• _RECORDS SUPPLIED_
- - -

(* Let $\mathbf{C}_\rho=\mathbb{E}_{\mathbf{x}\sim\rho}[\mathbf{x}\mathbf{x}^{\top}]\in\mathbb{R}^{d\times d}$ for a distribution $\rho$ on $\mathbb{R}^d$ with finite second moments, let $\lambda>0$, and let $\Omega$ be any set of real matrices with $d$ columns. For $\mathbf{X}\in\Omega$ write $\mathbf{M}=\mathbf{X}^{\top}\mathbf{X}$ and $\mathbf{M}_\lambda=\mathbf{M}+\lambda\mathbf{I}_d$, and for $t\ge 0$ define $$\bar{\varphi}_{\lambda,t}(\mathbf{M})=\big\|\mathbf{C}_\rho^{1/2}\big(\mathbf{I}-\mathbf{M}_\lambda^{+}\mathbf{M}\big)\big\|_F^{2}+t\,\mathrm{Tr}\big(\mathbf{C}_\rho(\mathbf{M}_\lambda^{+})^{2}\mathbf{M}\big).$$ Then $$\operatorname*{argmin}_{\mathbf{X}\in\Omega}\mathrm{Tr}\big(\mathbf{C}_\rho\mathbf{M}_\lambda^{-1}\big)=\operatorname*{argmin}_{\mathbf{X}\in\Omega}\bar{\varphi}_{\lambda,\lambda}(\mathbf{M}).$$
   Context: ${}^{+}$ denotes the Moore–Penrose pseudoinverse, $\|\cdot\|_F$ the Frobenius norm, and $\mathbf{C}_\rho^{1/2}$ the positive semidefinite square root of $\mathbf{C}_\rho$. *)

theory Defs
  imports "HOL-Analysis.Analysis" "HOL-Probability.Probability"
begin

text \<open>A real matrix with d columns (arbitrary number m of rows) is represented as the
  list of its m rows, each a vector in real^'d.  Gram matrix X^T X.\<close>
definition gram :: "(real^'d) list \<Rightarrow> real^'d^'d" where
  "gram X = (\<chi> i j. (\<Sum>r\<leftarrow>X. r $ i * r $ j))"

definition second_moment :: "(real^'d) measure \<Rightarrow> real^'d^'d" where
  "second_moment \<rho> = (\<chi> i j. \<integral>x. x $ i * x $ j \<partial>\<rho>)"

definition finite_second_moments :: "(real^'d) measure \<Rightarrow> bool" where
  "finite_second_moments \<rho> \<longleftrightarrow> (\<forall>i. integrable \<rho> (\<lambda>x. (x $ i)\<^sup>2))"

definition psd :: "real^'n^'n \<Rightarrow> bool" where
  "psd A \<longleftrightarrow> transpose A = A \<and> (\<forall>v. 0 \<le> v \<bullet> (A *v v))"

definition psd_sqrt :: "real^'n^'n \<Rightarrow> real^'n^'n" where
  "psd_sqrt A = (THE S. psd S \<and> S ** S = A)"

definition pinv :: "real^'n^'m \<Rightarrow> real^'m^'n" where
  "pinv A = (THE B. A ** B ** A = A \<and> B ** A ** B = B \<and>
      transpose (A ** B) = A ** B \<and> transpose (B ** A) = B ** A)"

definition frob_norm :: "real^'n^'m \<Rightarrow> real" where
  "frob_norm A = sqrt (\<Sum>i\<in>UNIV. \<Sum>j\<in>UNIV. (A $ i $ j)\<^sup>2)"

definition phi_bar :: "real^'d^'d \<Rightarrow> real \<Rightarrow> real \<Rightarrow> real^'d^'d \<Rightarrow> real" where
  "phi_bar C lam t M =
     (let Ml = M + lam *\<^sub>R mat 1 in
      (frob_norm (psd_sqrt C ** (mat 1 - pinv Ml ** M)))\<^sup>2
      + t * trace (C ** (pinv Ml ** pinv Ml) ** M))"

definition argmin_on :: "'a set \<Rightarrow> ('a \<Rightarrow> real) \<Rightarrow> 'a set" where
  "argmin_on \<Omega> f = {X \<in> \<Omega>. \<forall>Y\<in>\<Omega>. f X \<le> f Y}"

end

theory Submission
  imports Defs
begin

text \<open>Since \<open>M\<^sub>\<lambda> = X\<^sup>T X + \<lambda> I\<close> is invertible, its pseudoinverse is its inverse \<open>A\<close>, and
  \<open>I - A M = \<lambda> A\<close>. The first term of \<open>phi_bar\<close> is therefore \<open>\<lambda>\<^sup>2 tr (C A\<^sup>2)\<close> and the second
  \<open>\<lambda> tr (C A\<^sup>2 M)\<close>; together they give \<open>\<lambda> tr (C A\<^sup>2 M\<^sub>\<lambda>) = \<lambda> tr (C A)\<close>. So on all of \<open>\<Omega>\<close> one
  objective is \<open>\<lambda>\<close> times the other, and they have the same minimisers.
  The computation needs \<open>C\<close> and \<open>X\<^sup>T X\<close> to be positive semidefinite and \<open>C\<close> to have a unique
  positive semidefinite square root \<open>S\<close>, so that \<open>\<parallel>S B\<parallel>\<^sub>F\<^sup>2 = tr (C B B\<^sup>T)\<close>. Existence of \<open>S\<close>
  comes from the spectral theorem, obtained by maximising the Rayleigh quotient on invariant
  subspaces.\<close>

lemma quadratic_nonpos_imp_linear_coeff_zero:
  fixes b c :: real
  assumes "\<And>t. 2*t*b + t\<^sup>2*c \<le> 0"
  shows "b = 0"
proof (rule ccontr)
  assume "b \<noteq> 0"
  define k where "k = \<bar>c\<bar> + 1"
  have k: "k > 0" "\<bar>c\<bar> < k" unfolding k_def by auto
  have "2*(b/k)*b + (b/k)\<^sup>2*c = (b\<^sup>2/k) * (2 + c/k)"
    using k(1) by (simp add: power2_eq_square field_simps)
  moreover have "b\<^sup>2/k > 0" using \<open>b \<noteq> 0\<close> k by auto
  moreover have "2 + c/k > 0" using k by (auto simp: field_simps abs_less_iff)
  ultimately show False using assms[of "b/k"] by (metis mult_pos_pos not_le)
qed

lemma symmetric_matrix_inner_commute:
  fixes A :: "real^'n^'n"
  assumes "transpose A = A"
  shows "(A *v x) \<bullet> y = x \<bullet> (A *v y)"
  by (metis assms dot_lmul_matrix vector_transpose_matrix)

lemma scaleR_matrix_vector_assoc: "((k::real) *\<^sub>R (A::real^'n^'m)) *v x = k *\<^sub>R (A *v x)"
  by (simp add: matrix_vector_mult_def vec_eq_iff sum_distrib_left mult.assoc)

lemma uminus_matrix_vector_assoc: "(- A) *v x = - (A *v (x::'a::ring_1^'n))"
  by (simp add: matrix_vector_mult_def vec_eq_iff sum_negf)

lemma transpose_uminus_matrix: "transpose (- A) = - transpose (A::'a::ring_1^'n^'m)"
  by (simp add: transpose_def vec_eq_iff)

lemma transpose_add_matrix: "transpose (A + B) = transpose A + transpose (B::'a::semiring_1^'n^'m)"
  by (simp add: transpose_def vec_eq_iff)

- - -

• _WHAT TO WORK ON_
Search the material above for lines containing the string "noteq", then pull them out.

• _EXERCISE RESPONSE_
  assume "b \<noteq> 0"
  moreover have "b\<^sup>2/k > 0" using \<open>b \<noteq> 0\<close> k by auto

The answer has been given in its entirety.